The experimental table is generally placed horizontally, ignoring the difference in elevation between the inlet and outlet, according to Bernoulli’s equation, as follows:

$$H_l=\frac{P_2-P_1}{{\rho }_{l}g}+\frac{u_{\mathrm{l}2}^2-u_{\mathrm{l}1}^2}{2g}.$$

(5)

Considering the flow of a multiphase medium in a multiphase pump as an isothermal process, then the following applies:

$$Hg=\frac{P_1}{{\rho }_1}ln\frac{P_2}{P_1}+\frac{{\mathrm{u}}_{{\mathrm{g}}_2}^2-{\mathrm{u}}_{{\mathrm{g}}_1}^2}{2g}$$

(6)

where ρ_g denotes gas-phase density, kg/m³. P₁ and P₂ denote the inlet and outlet pressure, Pa.u_g1 and u_g2 denote the gas-phase inlet and outlet flow rate, m/s.
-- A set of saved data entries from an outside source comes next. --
text \<open>The matrix of \<open>\<sigma>(A \<otimes> B)\<close> has entry \<open>A\<^sub>i\<^sub>k B\<^sub>l\<^sub>j\<close> at \<open>((i,k),(j,l))\<close>, so each of its
  columns, read as an operator from the conjugate of \<open>K\<close> to \<open>H\<close>, is a multiple of \<open>A\<close>. Hence,
  as soon as \<open>V\<^sub>2 \<noteq> 0\<close>, the component \<open>V\<^sub>1\<close> is recovered from \<open>V = \<sigma>(V\<^sub>1 \<otimes> V\<^sub>2)\<close> as the set
  of column slices of \<open>V\<close>. Taking adjoints swaps the factors, \<open>\<sigma>(A \<otimes> B)\<^sup>* = \<sigma>(B\<^sup>* \<otimes> A\<^sup>*)\<close>,
  so \<open>V\<^sup>* = \<sigma>(V\<^sub>2\<^sup>* \<otimes> V\<^sub>1\<^sup>*)\<close>, and comparing first components gives \<open>V\<^sup>* = V \<longleftrightarrow> V\<^sub>1 = V\<^sub>2\<^sup>*\<close>.
  Transitivity holds for every decomposable \<open>V\<close>, symmetric or not, because
  \<open>\<sigma>(A \<otimes> B) \<sigma>(C \<otimes> D) = tr(B C) \<sigma>(A \<otimes> D)\<close>.\<close>

lemma csubspace_cspan: "csubspace (cspan S)"
  unfolding cspan_def csubspace_def by auto

lemma cspan_superset: "S \<subseteq> cspan S"
  unfolding cspan_def by auto

lemma cspan_base: "x \<in> S \<Longrightarrow> x \<in> cspan S"
  using cspan_superset by blast

lemma cspan_minimal: "csubspace W \<Longrightarrow> S \<subseteq> W \<Longrightarrow> cspan S \<subseteq> W"
  unfolding cspan_def by auto

lemma csubspace_vimage:
  fixes f :: "complex^'c^'r \<Rightarrow> complex^'d^'s"
  assumes "f 0 = 0" "\<And>x y. f (x + y) = f x + f y" "\<And>c x. f (cscale c x) = cscale (g c) (f x)"
    and "csubspace W"
  shows "csubspace (f -` W)"
  using assms unfolding csubspace_def by simp

lemma cspan_image_subset:
  fixes f :: "complex^'c^'r \<Rightarrow> complex^'d^'s"
  assumes "f 0 = 0" "\<And>x y. f (x + y) = f x + f y" "\<And>c x. f (cscale c x) = cscale (g c) (f x)"
  shows "f ` cspan S \<subseteq> cspan (f ` S)"
proof -
  have "csubspace (f -` cspan (f ` S))"
    using assms csubspace_cspan by (rule csubspace_vimage)
  moreover have "S \<subseteq> f -` cspan (f ` S)"
    using cspan_superset by blast
  ultimately have "cspan S \<subseteq> f -` cspan (f ` S)"
    by (rule cspan_minimal)
  then show ?thesis by blast
qed

lemma cadj_cadj [simp]: "cadj (cadj A) = A"
  unfolding cadj_def by (simp add: vec_eq_iff)

lemma cadj_zero: "cadj 0 = 0"
  and cadj_add: "cadj (x + y) = cadj x + cadj y"
  and cadj_cscale: "cadj (cscale c x) = cscale (cnj c) (cadj x)"
  unfolding cadj_def cscale_def by (auto simp: vec_eq_iff)

lemma cadj_image_eq_vimage: "cadj ` X = cadj -` X"
  by (force simp: image_iff)

lemma csubspace_cadj_image: "csubspace V \<Longrightarrow> csubspace (cadj ` V)"
  unfolding cadj_image_eq_vimage using cadj_zero cadj_add cadj_cscale by (rule csubspace_vimage)

lemma cadj_image_cspan: "cadj ` cspan S = cspan (cadj ` S)"
proof
  show "cadj ` cspan S \<subseteq> cspan (cadj ` S)"
    using cadj_zero cadj_add cadj_cscale by (rule cspan_image_subset)
  have "csubspace (cadj ` cspan S)"
    using csubspace_cspan by (rule csubspace_cadj_image)
  moreover have "cadj ` S \<subseteq> cadj ` cspan S"
    using cspan_superset by blast
  ultimately show "cspan (cadj ` S) \<subseteq> cadj ` cspan S"
    by (rule cspan_minimal)
qed

lemma matrix_add_rdistrib: "(A + B) ** C = A ** C + B ** C"
  unfolding matrix_matrix_mult_def by (simp add: vec_eq_iff sum.distrib algebra_simps)

lemma matrix_mul_cscale_left: "cscale c A ** B = cscale c (A ** B)"
  and matrix_mul_cscale_right: "A ** cscale c B = cscale c (A ** B)"
  unfolding matrix_matrix_mult_def cscale_def
  by (auto simp: vec_eq_iff sum_distrib_left algebra_simps)
lemma matrix_mult_matrix_unit_nth:
  "(A ** matrix_unit a b) $ p $ c = (if c = b then A $ p $ a else 0)"
  for A :: "'a::semiring_1^'n^'m"
  by (simp add: matrix_matrix_mult_def matrix_unit_nth if_distrib if_distribR sum.delta
      cong: if_cong)

lemma matrix_unit_sandwich:
  "(A ** matrix_unit a b ** transpose B) $ p $ q = A $ p $ a * B $ q $ b"
  for A :: "'a::comm_semiring_1^'n^'m"
  unfolding matrix_matrix_mult_def [of "A ** matrix_unit a b"]
  by (simp add: matrix_mult_matrix_unit_nth transpose_def if_distrib if_distribR sum.delta
      cong: if_cong)

lemma matrix_unit_mult:
  "matrix_unit k l ** matrix_unit l' q = (if l = l' then matrix_unit k q else (0::'a::semiring_1^_^_))"
  by (auto simp: vec_eq_iff matrix_mult_matrix_unit_nth matrix_unit_nth)

lemma commute_mult_invertible_iff:
  fixes J F P :: "'a::field^'n^'n"
  assumes "invertible P" and JP: "J ** P = P ** J"
  shows "J ** (F ** P) = F ** P ** J \<longleftrightarrow> J ** F = F ** J"
proof
  obtain P' where PP': "P ** P' = mat 1"
    using assms(1) unfolding invertible_def by blast
  assume "J ** (F ** P) = F ** P ** J"
  then have "J ** F ** P = F ** P ** J"
    by (simp add: matrix_mul_assoc)
  also have "\<dots> = F ** J ** P"
    by (simp add: JP flip: matrix_mul_assoc)
  finally have "J ** F ** (P ** P') = F ** J ** (P ** P')"
    by (simp add: matrix_mul_assoc)
  then show "J ** F = F ** J"
    by (simp add: PP')
next
  assume JF: "J ** F = F ** J"
  have "J ** (F ** P) = F ** J ** P"
    by (simp add: JF matrix_mul_assoc)
  also have "\<dots> = F ** P ** J"
    by (simp add: JP flip: matrix_mul_assoc)
  finally show "J ** (F ** P) = F ** P ** J" .
qed
(* Let $(Q,P)$ be a weakly quasi-lattice ordered group and let $\Lambda$ be a $P$-graph with $\mathrm{FA}(\Lambda)\neq\emptyset$. For any filter $x\in\mathcal{F}(\Lambda)$, the following are equivalent: (1) $x\in\mathcal{X}(\Lambda)$, i.e. $x\cap\mathrm{FA}(\Lambda)\neq\emptyset$; (2) $x\cap\mathrm{FA}(\Lambda)\cap\lambda\Lambda\neq\emptyset$ for all $\lambda\in x$.
   Context: $(Q,P)$ weakly quasi-lattice ordered: $Q$ a discrete group, $P\subseteq Q$ a subsemigroup containing the identity $e$ with $P\cap P^{-1}=\{e\}$, and, with $p\le r$ meaning $pq=r$ for some $q\in P$, any two elements of $P$ with a common upper bound have a least common upper bound. A $P$-graph is a countable small category $\Lambda$ (range/source $r,s$) with a functor $d:\Lambda\to P$ with unique factorisation (if $d(\lambda)=pq$ there are unique $\mu,\nu$ with $\lambda=\mu\nu$, $d(\mu)=p$, $d(\nu)=q$). Write $\lambda\Lambda=\{\lambda\mu: s(\lambda)=r(\mu)\}$, $\mu\preceq\lambda$ iff $\lambda\in\mu\Lambda$. $\mathrm{FA}(\Lambda)$ is the set of $\lambda$ such that for all $\mu\in\lambda\Lambda,\nu\in\Lambda$ there is a finite $J\subseteq\Lambda$ with $\mu\Lambda\cap\nu\Lambda=\bigcup_{\kappa\in J}\kappa\Lambda$. A filter is a nonempty $x\subseteq\Lambda$ that is hereditary ($\lambda\preceq\mu\in x\Rightarrow\lambda\in x$) and directed ($\mu,\nu\in x$ implies some $\lambda\in x$ with $\mu,\nu\preceq\lambda$); $\mathcal{F}(\Lambda)$ is the set of filters, and $\mathcal{X}(\Lambda)=\{x\in\mathcal{F}(\Lambda): x\cap\mathrm{FA}(\Lambda)\neq\emptyset\}$. *)

theory Defs
  imports "HOL-Algebra.Group" "HOL-Library.Countable_Set"
begin

definition Ple :: "('q, 'b) monoid_scheme \<Rightarrow> 'q set \<Rightarrow> 'q \<Rightarrow> 'q \<Rightarrow> bool" where
  "Ple G P p r \<longleftrightarrow> (\<exists>q\<in>P. p \<otimes>\<^bsub>G\<^esub> q = r)"

definition wqlo :: "('q, 'b) monoid_scheme \<Rightarrow> 'q set \<Rightarrow> bool" where
  "wqlo G P \<longleftrightarrow> group G \<and> P \<subseteq> carrier G \<and> \<one>\<^bsub>G\<^esub> \<in> P
     \<and> (\<forall>p\<in>P. \<forall>q\<in>P. p \<otimes>\<^bsub>G\<^esub> q \<in> P)
     \<and> (\<forall>p\<in>P. inv\<^bsub>G\<^esub> p \<in> P \<longrightarrow> p = \<one>\<^bsub>G\<^esub>)
     \<and> (\<forall>p\<in>P. \<forall>q\<in>P. (\<exists>r\<in>P. Ple G P p r \<and> Ple G P q r) \<longrightarrow>
          (\<exists>l\<in>P. Ple G P p l \<and> Ple G P q l \<and>
              (\<forall>r\<in>P. Ple G P p r \<and> Ple G P q r \<longrightarrow> Ple G P l r)))"

record ('o, 'm, 'q) pgraph =
  Obj :: "'o set"
  Mor :: "'m set"
  rng :: "'m \<Rightarrow> 'o"
  src :: "'m \<Rightarrow> 'o"
  cmp :: "'m \<Rightarrow> 'm \<Rightarrow> 'm"
  idt :: "'o \<Rightarrow> 'm"
  deg :: "'m \<Rightarrow> 'q"

definition is_pgraph :: "('q, 'b) monoid_scheme \<Rightarrow> 'q set \<Rightarrow> ('o, 'm, 'q) pgraph \<Rightarrow> bool" where
  "is_pgraph G P L \<longleftrightarrow>
     countable (Obj L) \<and> countable (Mor L)
     \<and> (\<forall>l\<in>Mor L. rng L l \<in> Obj L \<and> src L l \<in> Obj L)
     \<and> (\<forall>l\<in>Mor L. \<forall>m\<in>Mor L. src L l = rng L m \<longrightarrow>
          cmp L l m \<in> Mor L \<and> rng L (cmp L l m) = rng L l \<and> src L (cmp L l m) = src L m)
     \<and> (\<forall>l\<in>Mor L. \<forall>m\<in>Mor L. \<forall>n\<in>Mor L. src L l = rng L m \<longrightarrow> src L m = rng L n \<longrightarrow>
          cmp L (cmp L l m) n = cmp L l (cmp L m n))
     \<and> (\<forall>v\<in>Obj L. idt L v \<in> Mor L \<and> rng L (idt L v) = v \<and> src L (idt L v) = v)
     \<and> (\<forall>l\<in>Mor L. cmp L (idt L (rng L l)) l = l \<and> cmp L l (idt L (src L l)) = l)
     \<and> (\<forall>l\<in>Mor L. deg L l \<in> P)
     \<and> (\<forall>l\<in>Mor L. \<forall>m\<in>Mor L. src L l = rng L m \<longrightarrow>
          deg L (cmp L l m) = deg L l \<otimes>\<^bsub>G\<^esub> deg L m)
     \<and> (\<forall>v\<in>Obj L. deg L (idt L v) = \<one>\<^bsub>G\<^esub>)
     \<and> (\<forall>l\<in>Mor L. \<forall>p\<in>P. \<forall>q\<in>P. deg L l = p \<otimes>\<^bsub>G\<^esub> q \<longrightarrow>
          (\<exists>!mn. fst mn \<in> Mor L \<and> snd mn \<in> Mor L \<and> src L (fst mn) = rng L (snd mn)
                 \<and> l = cmp L (fst mn) (snd mn) \<and> deg L (fst mn) = p \<and> deg L (snd mn) = q))"

definition lamL :: "('o, 'm, 'q) pgraph \<Rightarrow> 'm \<Rightarrow> 'm set" where
  "lamL L l = {cmp L l m | m. m \<in> Mor L \<and> src L l = rng L m}"

definition ppre :: "('o, 'm, 'q) pgraph \<Rightarrow> 'm \<Rightarrow> 'm \<Rightarrow> bool" where
  "ppre L m l \<longleftrightarrow> l \<in> lamL L m"

definition FA :: "('o, 'm, 'q) pgraph \<Rightarrow> 'm set" where
  "FA L = {l \<in> Mor L. \<forall>m\<in>lamL L l. \<forall>n\<in>Mor L.
      \<exists>J. finite J \<and> J \<subseteq> Mor L \<and> lamL L m \<inter> lamL L n = (\<Union>k\<in>J. lamL L k)}"

definition is_filter :: "('o, 'm, 'q) pgraph \<Rightarrow> 'm set \<Rightarrow> bool" where
  "is_filter L x \<longleftrightarrow> x \<noteq> {} \<and> x \<subseteq> Mor L
     \<and> (\<forall>l\<in>Mor L. \<forall>m\<in>x. ppre L l m \<longrightarrow> l \<in> x)
     \<and> (\<forall>m\<in>x. \<forall>n\<in>x. \<exists>l\<in>x. ppre L m l \<and> ppre L n l)"

definition filters :: "('o, 'm, 'q) pgraph \<Rightarrow> 'm set set" where
  "filters L = {x. is_filter L x}"

definition XL :: "('o, 'm, 'q) pgraph \<Rightarrow> 'm set set" where
  "XL L = {x \<in> filters L. x \<inter> FA L \<noteq> {}}"

end

theory Submission
  imports Defs
begin

text \<open>\<open>FA(\<Lambda>)\<close> is closed under extension, because \<open>\<nu> \<in> \<mu>\<Lambda>\<close> gives
  \<open>\<nu>\<Lambda> \<subseteq> \<mu>\<Lambda>\<close>. So if a filter meets \<open>FA(\<Lambda>)\<close> in \<open>\<mu>\<close>, then for any \<open>\<lambda>\<close> in the
  filter a common extension of \<open>\<lambda>\<close> and \<open>\<mu>\<close> in the filter lies in
  \<open>x \<inter> FA(\<Lambda>) \<inter> \<lambda>\<Lambda>\<close>.\<close>

lemma lamL_subset_Mor:
  assumes "is_pgraph G P L" and "mu \<in> Mor L"
  shows "lamL L mu \<subseteq> Mor L"
  using assms unfolding lamL_def is_pgraph_def by auto

lemma lamL_mono:
  assumes pg: "is_pgraph G P L" and mu: "mu \<in> Mor L" and nu: "nu \<in> lamL L mu"
  shows "lamL L nu \<subseteq> lamL L mu"
proof
  fix k assume "k \<in> lamL L nu"
  then obtain n where n: "n \<in> Mor L" "src L nu = rng L n" "k = cmp L nu n"
    unfolding lamL_def by blast
  from nu obtain m where m: "m \<in> Mor L" "src L mu = rng L m" "nu = cmp L mu m"
    unfolding lamL_def by blast
  have src_nu: "src L nu = src L m"
    using pg mu m unfolding is_pgraph_def by simp
  have "k = cmp L mu (cmp L m n)"
    using pg mu m n src_nu unfolding is_pgraph_def by simp
  moreover have "cmp L m n \<in> Mor L" "rng L (cmp L m n) = rng L m"
    using pg m n src_nu unfolding is_pgraph_def by auto
  ultimately show "k \<in> lamL L mu"
    using m unfolding lamL_def by auto
qed

lemma FA_extension:
  assumes pg: "is_pgraph G P L" and mu: "mu \<in> FA L" and nu: "nu \<in> lamL L mu"
  shows "nu \<in> FA L"
proof -
  have mu_Mor: "mu \<in> Mor L"
    using mu unfolding FA_def by simp
  have "nu \<in> Mor L"
    using lamL_subset_Mor[OF pg mu_Mor] nu by blast
  moreover have "lamL L nu \<subseteq> lamL L mu"
    using lamL_mono[OF pg mu_Mor nu] .
  ultimately show ?thesis
    using mu unfolding FA_def by blast
qed

lemma filter_meets_FA_below:
  assumes pg: "is_pgraph G P L" and x: "is_filter L x"
    and mu: "mu \<in> x" "mu \<in> FA L" and l: "l \<in> x"
  shows "x \<inter> FA L \<inter> lamL L l \<noteq> {}"
proof -
  obtain nu where nu: "nu \<in> x" "nu \<in> lamL L mu" "nu \<in> lamL L l"
    using x mu(1) l unfolding is_filter_def ppre_def by blast
  have "nu \<in> FA L"
    using FA_extension[OF pg mu(2) nu(2)] .
  with nu show ?thesis by blast
qed

theorem lemma4p6:
  fixes G :: "('q, 'b) monoid_scheme" and P :: "'q set"
    and L :: "('o, 'm, 'q) pgraph" and x :: "'m set"
  assumes "wqlo G P"
    and "is_pgraph G P L"
    and "FA L \<noteq> {}"
    and "x \<in> filters L"
  shows "x \<in> XL L \<longleftrightarrow> (\<forall>l\<in>x. x \<inter> FA L \<inter> lamL L l \<noteq> {})"
proof -
  have x: "is_filter L x"
    using assms(4) unfolding filters_def by simp
  show ?thesis
  proof
    assume "x \<in> XL L"
    then obtain mu where "mu \<in> x" "mu \<in> FA L"
      unfolding XL_def by blast
    then show "\<forall>l\<in>x. x \<inter> FA L \<inter> lamL L l \<noteq> {}"
      using filter_meets_FA_below[OF assms(2) x] by blast
  next
    assume below: "\<forall>l\<in>x. x \<inter> FA L \<inter> lamL L l \<noteq> {}"
    obtain l where "l \<in> x"
      using x unfolding is_filter_def by blast
    with below have "x \<inter> FA L \<noteq> {}" by blast
    then show "x \<in> XL L"
      using assms(4) unfolding XL_def by blast
  qed
qed

end
text \<open>
  Write N = 2^(k-1) and \<zeta> = zeta k. Since X^N + 1 is irreducible over \<int> (Eisenstein at 2 after
  the shift X \<mapsto> X - 1), the powers 1, \<zeta>, ..., \<zeta>^(N-1) are linearly independent over \<int> and
  span the ring \<int>[\<zeta>]. In \<int>[\<zeta>] the element \<pi> = 1 - \<zeta> has residue field F_2 and
  2 = \<pi>^N * unit, so an element z with z * cnj z = 2^(2h) is divisible by \<pi>^(hN), i.e. z = 2^h w
  with w * cnj w = 1; comparing constant coefficients in w * cnj w gives w = \<plusminus>\<zeta>^s.

  Hence H_f(u) = 2^h \<zeta>^c with c = f*(u), and this pins down the coefficients of H_f(u) in the
  basis 1, ..., \<zeta>^(N-1). Any sum of (-1)^(u\<cdot>x) \<phi>(f(x)) over x whose weight is antiperiodic,
  \<phi>(r + N) = -\<phi>(r), is determined by the same coefficients, so it equals 2^h \<phi>(c). The weights
  (-1)^(r_(k-1)) and (-1)^(r_(k-1) + r_j) turn these sums into the Walsh transforms of a_(k-1) and
  a_(k-1) \<oplus> a_j, whose duals are therefore the bits c_(k-1) and c_(k-1) \<oplus> c_j of c.
\<close>

section \<open>Integer polynomials evaluated at complex numbers\<close>

definition ipoly :: "int poly \<Rightarrow> complex \<Rightarrow> complex" where
  "ipoly p z = poly (map_poly of_int p) z"

lemma ipoly_pCons [simp]: "ipoly (pCons a p) z = of_int a + z * ipoly p z"
  unfolding ipoly_def by (subst map_poly_pCons) auto

lemma ipoly_0 [simp]: "ipoly 0 z = 0"
  by (simp add: ipoly_def)

lemma ipoly_1 [simp]: "ipoly 1 z = 1"
  by (simp add: ipoly_def)

lemma ipoly_numeral [simp]: "ipoly (numeral n) z = numeral n"
  by (simp add: numeral_poly)

lemma ipoly_add [simp]: "ipoly (p + q) z = ipoly p z + ipoly q z"
proof (induction p arbitrary: q)
  case (pCons a p)
  then show ?case
    by (cases q) (simp add: algebra_simps)
qed simp

lemma ipoly_smult [simp]: "ipoly (smult c p) z = of_int c * ipoly p z"
  by (induction p) (simp_all add: algebra_simps)

lemma ipoly_uminus [simp]: "ipoly (- p) z = - ipoly p z"
  using ipoly_smult[of "-1" p z] by simp

lemma ipoly_diff [simp]: "ipoly (p - q) z = ipoly p z - ipoly q z"
  using ipoly_add[of p "- q" z] by simp

lemma ipoly_mult [simp]: "ipoly (p * q) z = ipoly p z * ipoly q z"
  by (induction p) (simp_all add: algebra_simps)

lemma ipoly_power [simp]: "ipoly (p ^ n) z = ipoly p z ^ n"
  by (induction n) simp_all

lemma ipoly_sum: "ipoly (sum f A) z = (\<Sum>a\<in>A. ipoly (f a) z)"
  by (induction A rule: infinite_finite_induct) simp_all

lemma ipoly_monom: "ipoly (monom c n) z = of_int c * z ^ n"
  by (simp add: ipoly_def poly_monom map_poly_monom)

lemma ipoly_pcompose: "ipoly (pcompose p q) z = ipoly p (ipoly q z)"
  by (induction p) (simp_all add: pcompose_pCons)

lemma ipoly_cnj: "ipoly p (cnj z) = cnj (ipoly p z)"
  by (induction p) simp_all

section \<open>Irreducibility of X^(2^m) + 1 over the integers\<close>

lemma eisenstein_criterion_2:
  fixes F G :: "int poly"
  assumes deg: "degree (F * G) = N" and low: "\<forall>i<N. even (coeff (F * G) i)"
    and const: "\<not> 4 dvd coeff (F * G) 0" and lead: "odd (coeff (F * G) N)"
  shows "degree F = 0 \<or> degree G = 0"
proof (rule ccontr)
  assume "\<not> (degree F = 0 \<or> degree G = 0)"
  then have dF: "degree F \<ge> 1" and dG: "degree G \<ge> 1" by auto
  then have "F \<noteq> 0" "G \<noteq> 0" by auto
  then have dsum: "degree F + degree G = N"
    using deg by (simp add: degree_mult_eq)
  then have "coeff (F * G) N = coeff F (degree F) * coeff G (degree G)"
    using coeff_mult_degree_sum by metis
  then have oF: "odd (coeff F (degree F))" and oG: "odd (coeff G (degree G))"
    using lead by auto
  define a where "a = (LEAST i. odd (coeff F i))"
  define b where "b = (LEAST i. odd (coeff G i))"
  have oa: "odd (coeff F a)" unfolding a_def by (rule LeastI[of _ "degree F"]) (rule oF)
  have ob: "odd (coeff G b)" unfolding b_def by (rule LeastI[of _ "degree G"]) (rule oG)
  have ea: "\<And>i. i < a \<Longrightarrow> even (coeff F i)" and eb: "\<And>i. i < b \<Longrightarrow> even (coeff G i)"
    unfolding a_def b_def using not_less_Least by blast+
  have aF: "a \<le> degree F" and bG: "b \<le> degree G"
    unfolding a_def b_def using oF oG by (auto intro: Least_le)
  \<comment> \<open>the lowest odd coefficients of F and G multiply to the only odd term of coefficient a + b\<close>
  have "coeff (F * G) (a + b) = coeff F a * coeff G b + (\<Sum>i\<in>{..a+b}-{a}. coeff F i * coeff G (a + b - i))"
    by (simp add: coeff_mult sum.remove[of _ a])
  moreover have "even (\<Sum>i\<in>{..a+b}-{a}. coeff F i * coeff G (a + b - i))"
  proof (rule dvd_sum)
    fix i assume "i \<in> {..a+b}-{a}"
    then have "i < a \<or> a + b - i < b" by auto
    then show "2 dvd coeff F i * coeff G (a + b - i)" using ea eb by auto
  qed
  ultimately have "odd (coeff (F * G) (a + b))" using oa ob by simp
  then have "\<not> a + b < N" using low by auto
  then have "a = degree F" "b = degree G" using aF bG dsum by auto
  then have "even (coeff F 0)" "even (coeff G 0)" using ea eb dF dG by auto
  then have "4 dvd coeff F 0 * coeff G 0" by (auto elim!: evenE)
  then show False using const by (simp add: coeff_mult_0)
qed

definition X :: "int poly" where "X = [:0, 1:]"

lemma coeff_X_pow: "coeff (X ^ n) i = of_bool (i = n)"
proof -
  have "X ^ n = monom 1 n" unfolding X_def by (simp add: monom_altdef)
  then show ?thesis by (simp add: coeff_monom)
qed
2.3. Numerical Model of Multiphase Flow

The paper adopted CFX to perform the multiphase flow simulation. The whole computation domain is divided into eight domains, i.e., the suction chamber, six pressurization units and an extruding chamber, as shown in Figure 3. The rotating walls were set as no-slip walls. A transient rotor-stator sliding interface was used between the rotor and stator domains.

The two-phase flow was modeled by using the homogeneous model. This model assumes different fluids share the same flow field to reduce the computational load and increase the numerical stability. The standard k-ε turbulence model cannot capture the shear stress flow near the high-curvature impeller well. Therefore, a k-ω-based SST turbulence model, with automatic wall function and curvature correction (SST-CC), was adopted for high-accuracy boundary layer simulations. This model uses the Wilcox k-ω model in near-wall regions, and the standard k-ε turbulence model in the fully turbulent region where the impact of the wall is negligible. The correctness of the transition between the two models is guaranteed by the automatic near-wall treatment. Curvature correction takes the bucket curvature and runner rotation into account. The continuity and momentum equations discretely use a high-resolution scheme with the physical advection terms weighted by a gradient-dependent blend factor. While a second-order backward Euler scheme is used for the transient terms. On the basis of the residual curve reaching the set value, the calculation is considered to have converged when the differential pressure between the inlet and outlet in the constant calculation or the pressure in the non-constant calculation stabilizes within one period.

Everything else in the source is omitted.